◆ **Work to be completed**:
The answer must consist of every line in the records that contains the word "close".

◆ **Provided data**:
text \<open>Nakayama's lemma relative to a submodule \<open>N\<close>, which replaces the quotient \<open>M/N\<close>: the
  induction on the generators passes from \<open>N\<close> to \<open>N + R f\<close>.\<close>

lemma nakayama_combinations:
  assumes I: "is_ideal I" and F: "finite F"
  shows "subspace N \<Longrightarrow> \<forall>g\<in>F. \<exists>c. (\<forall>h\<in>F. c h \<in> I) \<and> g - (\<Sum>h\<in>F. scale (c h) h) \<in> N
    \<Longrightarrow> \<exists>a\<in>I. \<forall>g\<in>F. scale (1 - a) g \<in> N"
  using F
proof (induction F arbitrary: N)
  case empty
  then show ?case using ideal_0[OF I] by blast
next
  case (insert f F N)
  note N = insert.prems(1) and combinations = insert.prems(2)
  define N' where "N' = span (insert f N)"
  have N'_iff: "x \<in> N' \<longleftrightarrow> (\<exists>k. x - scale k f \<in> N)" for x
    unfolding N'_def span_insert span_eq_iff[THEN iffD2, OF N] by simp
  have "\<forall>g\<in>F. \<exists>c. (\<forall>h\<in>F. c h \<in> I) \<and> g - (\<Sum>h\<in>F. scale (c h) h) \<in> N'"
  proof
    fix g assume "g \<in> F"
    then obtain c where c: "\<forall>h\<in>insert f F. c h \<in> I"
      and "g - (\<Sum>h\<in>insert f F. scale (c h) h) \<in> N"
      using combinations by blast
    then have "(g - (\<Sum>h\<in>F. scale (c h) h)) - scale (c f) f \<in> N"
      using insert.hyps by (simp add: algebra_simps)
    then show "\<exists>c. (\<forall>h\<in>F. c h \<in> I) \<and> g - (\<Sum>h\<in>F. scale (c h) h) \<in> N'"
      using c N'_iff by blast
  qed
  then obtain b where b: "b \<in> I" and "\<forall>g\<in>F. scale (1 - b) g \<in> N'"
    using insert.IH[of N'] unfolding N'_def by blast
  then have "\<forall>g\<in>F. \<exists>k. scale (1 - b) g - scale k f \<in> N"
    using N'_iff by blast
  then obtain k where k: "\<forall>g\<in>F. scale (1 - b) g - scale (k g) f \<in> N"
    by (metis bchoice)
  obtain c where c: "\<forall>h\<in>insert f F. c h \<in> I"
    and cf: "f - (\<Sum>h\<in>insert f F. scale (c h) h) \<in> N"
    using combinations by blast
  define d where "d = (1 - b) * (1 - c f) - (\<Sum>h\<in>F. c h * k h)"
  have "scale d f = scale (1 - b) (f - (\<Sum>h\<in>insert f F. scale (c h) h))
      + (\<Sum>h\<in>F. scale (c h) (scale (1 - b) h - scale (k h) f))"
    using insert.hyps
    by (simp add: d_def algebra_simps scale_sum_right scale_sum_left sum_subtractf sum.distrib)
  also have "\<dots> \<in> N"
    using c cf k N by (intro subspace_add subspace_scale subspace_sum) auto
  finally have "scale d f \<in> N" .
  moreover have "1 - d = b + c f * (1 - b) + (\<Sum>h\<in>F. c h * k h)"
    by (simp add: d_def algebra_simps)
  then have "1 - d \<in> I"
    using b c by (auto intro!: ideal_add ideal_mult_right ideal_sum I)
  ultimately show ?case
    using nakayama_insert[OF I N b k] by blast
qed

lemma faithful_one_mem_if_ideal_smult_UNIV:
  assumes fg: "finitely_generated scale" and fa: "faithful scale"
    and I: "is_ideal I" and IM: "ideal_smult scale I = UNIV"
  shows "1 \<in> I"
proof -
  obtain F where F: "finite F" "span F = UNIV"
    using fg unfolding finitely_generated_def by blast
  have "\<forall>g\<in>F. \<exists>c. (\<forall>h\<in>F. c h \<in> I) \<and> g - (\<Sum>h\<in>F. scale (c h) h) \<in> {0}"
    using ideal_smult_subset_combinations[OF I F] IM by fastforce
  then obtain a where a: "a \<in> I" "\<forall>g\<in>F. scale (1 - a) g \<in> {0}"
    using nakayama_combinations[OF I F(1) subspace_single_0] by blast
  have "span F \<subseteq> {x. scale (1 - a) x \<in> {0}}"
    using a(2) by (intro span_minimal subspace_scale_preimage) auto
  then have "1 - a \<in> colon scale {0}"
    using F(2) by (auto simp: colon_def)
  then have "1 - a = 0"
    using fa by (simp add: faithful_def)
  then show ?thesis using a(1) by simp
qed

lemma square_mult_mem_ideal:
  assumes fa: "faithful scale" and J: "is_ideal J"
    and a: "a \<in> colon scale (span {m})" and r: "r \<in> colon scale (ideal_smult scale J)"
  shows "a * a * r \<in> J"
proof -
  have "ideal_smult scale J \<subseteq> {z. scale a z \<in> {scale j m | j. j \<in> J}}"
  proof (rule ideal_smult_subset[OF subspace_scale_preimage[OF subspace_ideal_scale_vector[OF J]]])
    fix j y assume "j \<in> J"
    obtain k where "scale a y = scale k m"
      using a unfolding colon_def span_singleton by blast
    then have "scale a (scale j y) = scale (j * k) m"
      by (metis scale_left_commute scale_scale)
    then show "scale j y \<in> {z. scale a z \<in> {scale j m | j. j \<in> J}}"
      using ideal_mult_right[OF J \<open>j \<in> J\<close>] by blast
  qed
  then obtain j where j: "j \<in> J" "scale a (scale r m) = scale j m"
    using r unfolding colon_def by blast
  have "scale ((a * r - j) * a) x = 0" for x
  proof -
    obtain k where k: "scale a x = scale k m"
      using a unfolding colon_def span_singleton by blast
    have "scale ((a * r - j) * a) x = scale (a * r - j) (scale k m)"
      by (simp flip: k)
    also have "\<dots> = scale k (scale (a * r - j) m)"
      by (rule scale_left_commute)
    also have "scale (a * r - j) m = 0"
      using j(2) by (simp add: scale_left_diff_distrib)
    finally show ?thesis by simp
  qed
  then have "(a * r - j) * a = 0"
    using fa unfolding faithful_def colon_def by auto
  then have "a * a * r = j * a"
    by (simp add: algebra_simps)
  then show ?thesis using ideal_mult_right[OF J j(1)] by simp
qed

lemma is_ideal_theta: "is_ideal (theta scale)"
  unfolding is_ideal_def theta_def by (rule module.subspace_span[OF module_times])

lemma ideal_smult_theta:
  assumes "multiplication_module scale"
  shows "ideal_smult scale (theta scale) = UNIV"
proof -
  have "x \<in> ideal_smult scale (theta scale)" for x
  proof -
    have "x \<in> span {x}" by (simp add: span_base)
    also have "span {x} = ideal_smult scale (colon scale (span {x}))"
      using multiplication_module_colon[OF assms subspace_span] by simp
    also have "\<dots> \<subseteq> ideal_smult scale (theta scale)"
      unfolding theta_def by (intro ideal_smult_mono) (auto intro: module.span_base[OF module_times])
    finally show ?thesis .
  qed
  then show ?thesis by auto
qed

◆ **Task output**:
text \<open>Nakayama's lemma relative to a submodule \<open>N\<close>, which replaces the quotient \<open>M/N\<close>: the
  induction on the generators passes from \<open>N\<close> to \<open>N + R f\<close>.\<close>
      using ideal_mult_right[OF J \<open>j \<in> J\<close>] by blast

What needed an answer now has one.